St. Kenneth's Chapel is a ruined chapel on Inch Kenneth Island, Parish of Kilfinichen and Kilvickeon, Isle of Mull, Argyll and Bute, Scotland. It dates to the 13th century. It became a Scheduled Monument on 27 March 1928.

==Description==
The church measures approximately 12 m by 6 m. It features heavy corner buttresses in front and has four pointed windows; two lancet windows are on the east wall, while there are two smaller windows on the north and south side of the chancel. A step divides the chancel and the nave. The main entrance to the church lies at the west end of the north wall. The church is heavily ruined on the south side in particular. A burial enclosure lies to the south of the chancel.
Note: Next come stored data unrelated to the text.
lemma butlast_in_inodes:
  "c \<in> inodes T \<or> c \<in> set (leaves T) \<Longrightarrow> c \<noteq> [] \<Longrightarrow> butlast c \<in> inodes T"
proof (induction T arbitrary: c)
  case Leaf
  then show ?case by simp
next
  case (Node l r)
  then obtain x c' where c: "c = x # c'"
    by (cases c) auto
  show ?case
  proof (cases "c' = []")
    case True
    with c show ?thesis by simp
  next
    case False
    with Node c show ?thesis
      by (cases x) auto
  qed
qed

lemma leafidx_nth: "distinct us \<Longrightarrow> i < length us \<Longrightarrow> leafidx us (us ! i) = i"
  unfolding leafidx_def by (rule the_equality) (auto simp: nth_eq_iff_index_eq)

section \<open>Well-formed diagrams and their components\<close>

definition inports :: "sd \<Rightarrow> (vx \<times> port) set" where
  "inports D = {(v, p). v \<in> sd_verts D \<and> (if fst v then p \<noteq> PC else p = PC)}"

definition wf_sd :: "sd \<Rightarrow> bool" where
  "wf_sd D \<longleftrightarrow> finite (sd_verts D) \<and> bij_betw (sd_nxt D) (outports D) (inports D)"

lemma port_neq_PC_iff: "p \<noteq> PC \<longleftrightarrow> p = PL \<or> p = PR"
  by (cases p) auto

lemma outports_split_merge:
  "outports D = (\<lambda>v. (v, PC)) ` {v \<in> sd_verts D. fst v}
     \<union> (\<lambda>v. (v, PL)) ` {v \<in> sd_verts D. \<not> fst v} \<union> (\<lambda>v. (v, PR)) ` {v \<in> sd_verts D. \<not> fst v}"
  by (auto simp: outports_def port_neq_PC_iff)

lemma inports_split_merge:
  "inports D = (\<lambda>v. (v, PC)) ` {v \<in> sd_verts D. \<not> fst v}
     \<union> (\<lambda>v. (v, PL)) ` {v \<in> sd_verts D. fst v} \<union> (\<lambda>v. (v, PR)) ` {v \<in> sd_verts D. fst v}"
  by (auto simp: inports_def port_neq_PC_iff)

lemma card_ports:
  fixes A B :: "vx set"
  assumes "finite A" "finite B"
  shows "card ((\<lambda>v. (v, PC)) ` A \<union> (\<lambda>v. (v, PL)) ` B \<union> (\<lambda>v. (v, PR)) ` B) = card A + 2 * card B"
    (is "card (?C \<union> ?L \<union> ?R) = _")
proof -
  have "card (?C \<union> ?L \<union> ?R) = card (?C \<union> ?L) + card ?R"
    by (rule card_Un_disjoint) (use assms in auto)
  also have "card (?C \<union> ?L) = card ?C + card ?L"
    by (rule card_Un_disjoint) (use assms in auto)
  finally show ?thesis
    by (simp add: card_image inj_on_def)
qed

lemma card_outports:
  "finite (sd_verts D) \<Longrightarrow>
     card (outports D) = card {v \<in> sd_verts D. fst v} + 2 * card {v \<in> sd_verts D. \<not> fst v}"
  unfolding outports_split_merge by (rule card_ports) auto

lemma card_inports:
  "finite (sd_verts D) \<Longrightarrow>
     card (inports D) = card {v \<in> sd_verts D. \<not> fst v} + 2 * card {v \<in> sd_verts D. fst v}"
  unfolding inports_split_merge by (rule card_ports) auto

lemma finite_outports: "finite (sd_verts D) \<Longrightarrow> finite (outports D)"
  unfolding outports_split_merge by simp

lemma fst_outport: "p \<in> outports D \<Longrightarrow> fst p \<in> sd_verts D"
  by (cases p) (auto simp: outports_def)

definition links :: "sd \<Rightarrow> vx rel" where
  "links D = adjrel D \<union> (adjrel D)\<inverse>"

lemma comprel_links:
  "comprel D = {(v, w). v \<in> sd_verts D \<and> w \<in> sd_verts D \<and> (v, w) \<in> (links D)\<^sup>*}"
  by (simp add: comprel_def links_def)

lemma link_outport: "p \<in> outports D \<Longrightarrow> (fst p, fst (sd_nxt D p)) \<in> links D"
  by (cases p) (auto simp: links_def adjrel_def)

lemma links_subset:
  assumes "wf_sd D"
  shows "links D \<subseteq> sd_verts D \<times> sd_verts D"
proof -
  have "sd_nxt D ` outports D \<subseteq> inports D"
    using assms by (simp add: wf_sd_def bij_betw_def)
  then have "adjrel D \<subseteq> sd_verts D \<times> sd_verts D"
    by (fastforce simp: adjrel_def outports_def inports_def)
  then show ?thesis
    by (auto simp: links_def)
qed

lemma rtrancl_links_verts:
  assumes "wf_sd D" "(x, z) \<in> (links D)\<^sup>*" "x \<in> sd_verts D"
  shows "z \<in> sd_verts D"
  using assms(2,3) links_subset [OF assms(1)] by (induction rule: rtrancl_induct) auto

lemma rtrancl_links_sym: "(x, z) \<in> (links D)\<^sup>* \<Longrightarrow> (z, x) \<in> (links D)\<^sup>*"
proof -
  have "sym ((links D)\<^sup>*)"
    by (rule sym_rtrancl) (auto simp: links_def sym_def)
  then show "(x, z) \<in> (links D)\<^sup>* \<Longrightarrow> (z, x) \<in> (links D)\<^sup>*"
    by (auto dest: symD)
qed

lemma equiv_comprel: "equiv (sd_verts D) (comprel D)"
proof (rule equivI)
  show "refl_on (sd_verts D) (comprel D)"
    by (auto simp: refl_on_def comprel_links)
  show "comprel D \<subseteq> sd_verts D \<times> sd_verts D"
    by (auto simp: comprel_links)
  show "sym (comprel D)"
    by (rule symI) (auto simp: comprel_links intro: rtrancl_links_sym)
  show "trans (comprel D)"
    by (rule transI) (auto simp: comprel_links intro: rtrancl_trans)
qed

lemma card_quotient_le_card_cover:
  assumes eq: "equiv A R" and "finite T" and cover: "\<forall>x\<in>A. \<exists>t\<in>T. (x, t) \<in> R"
  shows "card (A // R) \<le> card T"
proof -
  have "A // R \<subseteq> (\<lambda>t. R `` {t}) ` T"
  proof
    fix X
    assume "X \<in> A // R"
    then obtain x where X: "X = R `` {x}" "x \<in> A"
      by (auto elim: quotientE)
    with cover obtain t where "t \<in> T" "(x, t) \<in> R"
      by auto
    with X show "X \<in> (\<lambda>t. R `` {t}) ` T"
      using equiv_class_eq [OF eq] by blast
  qed
  then have "card (A // R) \<le> card ((\<lambda>t. R `` {t}) ` T)"
    using \<open>finite T\<close> by (simp add: card_mono)
  also have "\<dots> \<le> card T"
    using \<open>finite T\<close> by (rule card_image_le)
  finally show ?thesis .
qed

section \<open>One application of Rule I\<close>

lemma sd_verts_rule1_res: "sd_verts (rule1_res D m s) = sd_verts D - {m, s}"
  by (simp add: rule1_res_def Let_def)

lemma sd_loops_rule1_res:
  "sd_loops (rule1_res D m s) = sd_loops D
     + (if sd_nxt D (s, PL) = (m, PL) then {#sd_lab D (s, PL) + sd_lab D (m, PC)#} else {#})
     + (if sd_nxt D (s, PR) = (m, PR) then {#sd_lab D (s, PR) + sd_lab D (m, PC)#} else {#})
     + (if sd_nxt D (s, PL) = (m, PR) \<and> sd_nxt D (s, PR) = (m, PL)
        then {#sd_lab D (s, PL) + sd_lab D (s, PR) + 2 * sd_lab D (m, PC)#} else {#})"
  by (simp add: rule1_res_def Let_def add.assoc)

lemma rule1_res_untouched:
  assumes "sd_nxt D p \<noteq> (m, PL)" "sd_nxt D p \<noteq> (m, PR)"
  shows "sd_nxt (rule1_res D m s) p = sd_nxt D p \<and> sd_lab (rule1_res D m s) p = sd_lab D p"
  using assms by (simp add: rule1_res_def Let_def)

lemma rule1_res_via_left:
  assumes "sd_nxt D p = (m, PL)" "sd_nxt D (s, PL) \<noteq> (m, PL)"
  shows "sd_nxt (rule1_res D m s) p =
      (if sd_nxt D (s, PL) = (m, PR) then sd_nxt D (s, PR) else sd_nxt D (s, PL))
    \<and> sd_lab (rule1_res D m s) p = sd_lab D p + sd_lab D (m, PC) + sd_lab D (s, PL)
      + (if sd_nxt D (s, PL) = (m, PR) then sd_lab D (m, PC) + sd_lab D (s, PR) else 0)"
  using assms by (simp add: rule1_res_def Let_def)

lemma rule1_res_via_right:
  assumes "sd_nxt D p = (m, PR)" "sd_nxt D (s, PR) \<noteq> (m, PR)"
  shows "sd_nxt (rule1_res D m s) p =
      (if sd_nxt D (s, PR) = (m, PL) then sd_nxt D (s, PL) else sd_nxt D (s, PR))
    \<and> sd_lab (rule1_res D m s) p = sd_lab D p + sd_lab D (m, PC) + sd_lab D (s, PR)
      + (if sd_nxt D (s, PR) = (m, PL) then sd_lab D (m, PC) + sd_lab D (s, PL) else 0)"
  using assms by (simp add: rule1_res_def Let_def)

locale rule1_redex =
  fixes D :: sd and m s :: vx
  assumes wf: "wf_sd D"
    and m_vert: "m \<in> sd_verts D" and m_merge: "fst m"
    and s_vert: "s \<in> sd_verts D" and s_split: "\<not> fst s"
    and m_to_s: "sd_nxt D (m, PC) = (s, PC)"
begin

abbreviation "N \<equiv> sd_nxt D"
abbreviation "L \<equiv> sd_lab D"
abbreviation "D' \<equiv> rule1_res D m s"
abbreviation "N' \<equiv> sd_nxt D'"
abbreviation "L' \<equiv> sd_lab D'"
abbreviation "y \<equiv> L (m, PC)"

text \<open>As in Rule I, the edges x1, x2 enter m and the edges (s, PL), (s, PR) leave s;
  t1 and t2 are the in-ports where the latter two end.\<close>
definition "x1 = inv_into (outports D) N (m, PL)"
definition "x2 = inv_into (outports D) N (m, PR)"
abbreviation "t1 \<equiv> N (s, PL)"
abbreviation "t2 \<equiv> N (s, PR)"

lemma finite_verts: "finite (sd_verts D)"
  using wf by (simp add: wf_sd_def)

lemma N_image: "N ` outports D = inports D"
  using wf by (simp add: wf_sd_def bij_betw_def)

lemma N_eqD: "p \<in> outports D \<Longrightarrow> q \<in> outports D \<Longrightarrow> N p = N q \<Longrightarrow> p = q"
  using wf by (auto simp: wf_sd_def bij_betw_def dest: inj_onD)

lemma N_inport: "p \<in> outports D \<Longrightarrow> N p \<in> inports D"
  using N_image by auto

lemma m_neq_s: "m \<noteq> s"
  using m_merge s_split by auto

lemma redex_ports:
  "(m, PC) \<in> outports D" "(s, PL) \<in> outports D" "(s, PR) \<in> outports D"
  "(m, PL) \<in> inports D" "(m, PR) \<in> inports D" "(s, PC) \<in> inports D"
  using m_vert s_vert m_merge s_split by (auto simp: outports_def inports_def)

lemma x1: "x1 \<in> outports D" "N x1 = (m, PL)"
  using redex_ports N_image unfolding x1_def by (auto intro: inv_into_into f_inv_into_f)

lemma x2: "x2 \<in> outports D" "N x2 = (m, PR)"
  using redex_ports N_image unfolding x2_def by (auto intro: inv_into_into f_inv_into_f)

lemma t1_t2: "t1 \<in> inports D" "t2 \<in> inports D" "t1 \<noteq> t2" "t1 \<noteq> (s, PC)" "t2 \<noteq> (s, PC)"
  using N_inport redex_ports N_eqD [of "(s, PL)" "(s, PR)"] N_eqD [of "(s, PL)" "(m, PC)"]
    N_eqD [of "(s, PR)" "(m, PC)"] m_to_s m_neq_s
  by auto

lemma x1_x2:
  "x1 = (s, PL) \<longleftrightarrow> t1 = (m, PL)" "x1 = (s, PR) \<longleftrightarrow> t2 = (m, PL)"
  "x2 = (s, PL) \<longleftrightarrow> t1 = (m, PR)" "x2 = (s, PR) \<longleftrightarrow> t2 = (m, PR)"
  "x1 \<noteq> (m, PC)" "x2 \<noteq> (m, PC)" "x1 \<noteq> x2"
  using x1 x2 redex_ports N_eqD m_to_s by (metis Pair_inject port.distinct)+

lemma outports_D': "outports D' = outports D - {(m, PC), (s, PL), (s, PR)}"
  using m_merge s_split
  by (auto simp: outports_def sd_verts_rule1_res port_neq_PC_iff)

lemma inports_D': "inports D' = inports D - {(m, PL), (m, PR), (s, PC)}"
  using m_merge s_split
  by (auto simp: inports_def sd_verts_rule1_res port_neq_PC_iff)

lemma x1_survives_iff: "x1 \<in> outports D' \<longleftrightarrow> t1 \<noteq> (m, PL) \<and> t2 \<noteq> (m, PL)"
  using outports_D' x1 x1_x2 by auto

lemma x2_survives_iff: "x2 \<in> outports D' \<longleftrightarrow> t1 \<noteq> (m, PR) \<and> t2 \<noteq> (m, PR)"
  using outports_D' x2 x1_x2 by auto

lemma nxt_lab_D':
  assumes "p \<in> outports D'"
  shows "N' p = (if p = x1 then (if t1 = (m, PR) then t2 else t1)
                 else if p = x2 then (if t2 = (m, PL) then t1 else t2) else N p)
       \<and> L' p = L p
         + (if p = x1 then y + L (s, PL) + (if t1 = (m, PR) then y + L (s, PR) else 0) else 0)
         + (if p = x2 then y + L (s, PR) + (if t2 = (m, PL) then y + L (s, PL) else 0) else 0)"
proof -
  have p: "p \<in> outports D"
    using assms outports_D' by auto
  consider "p = x1" | "p = x2" | "p \<noteq> x1" "p \<noteq> x2"
    by blast
  then show ?thesis
  proof cases
    case 1
    with assms have "t1 \<noteq> (m, PL)"
      using x1_survives_iff by blast
    with 1 show ?thesis
      using rule1_res_via_left [OF x1(2)] x1_x2(7) by auto
  next
    case 2
    with assms have "t2 \<noteq> (m, PR)"
      using x2_survives_iff by blast
    with 2 show ?thesis
      using rule1_res_via_right [OF x2(2)] x1_x2(7) by auto
  next
    case 3
    then have "N p \<noteq> (m, PL)" "N p \<noteq> (m, PR)"
      using p x1 x2 N_eqD by metis+
    with 3 show ?thesis
      using rule1_res_untouched by auto
  qed
qed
To the south of the chapel is a cemetery in which there are a large number of graves. Inside the church there are eight cross slabs, which probably date between the 14th and 16th centuries. There are also graves from the 17th and 18th centuries. The cemetery is still occasionally used today. In the southwest corner of the enclosed area, there is a slate high cross. It was placed there in 1926, but was probably made between 1500 and 1560.

== History==
The exact date of the church's construction is not recorded. On the basis of architectural features, however, it can be dated to the 13th century. The earliest written record of the church to survive is from 1380. From this record and another reference in the year 1549, it is known that it served as the parish church. By the 16th century at the latest, St Kenneth's Chapel came under the control of Iona Nunnery, and Augustinian establishment. Probably as a result of the abolition of the Nunnery in 1547, the chapel ceased to be used and was left to decay. Because of the tilt of the east wall, reinforcements were added in the 16th or 17th century. In 1815 the outer walls were probably still intact, but they have since collapsed.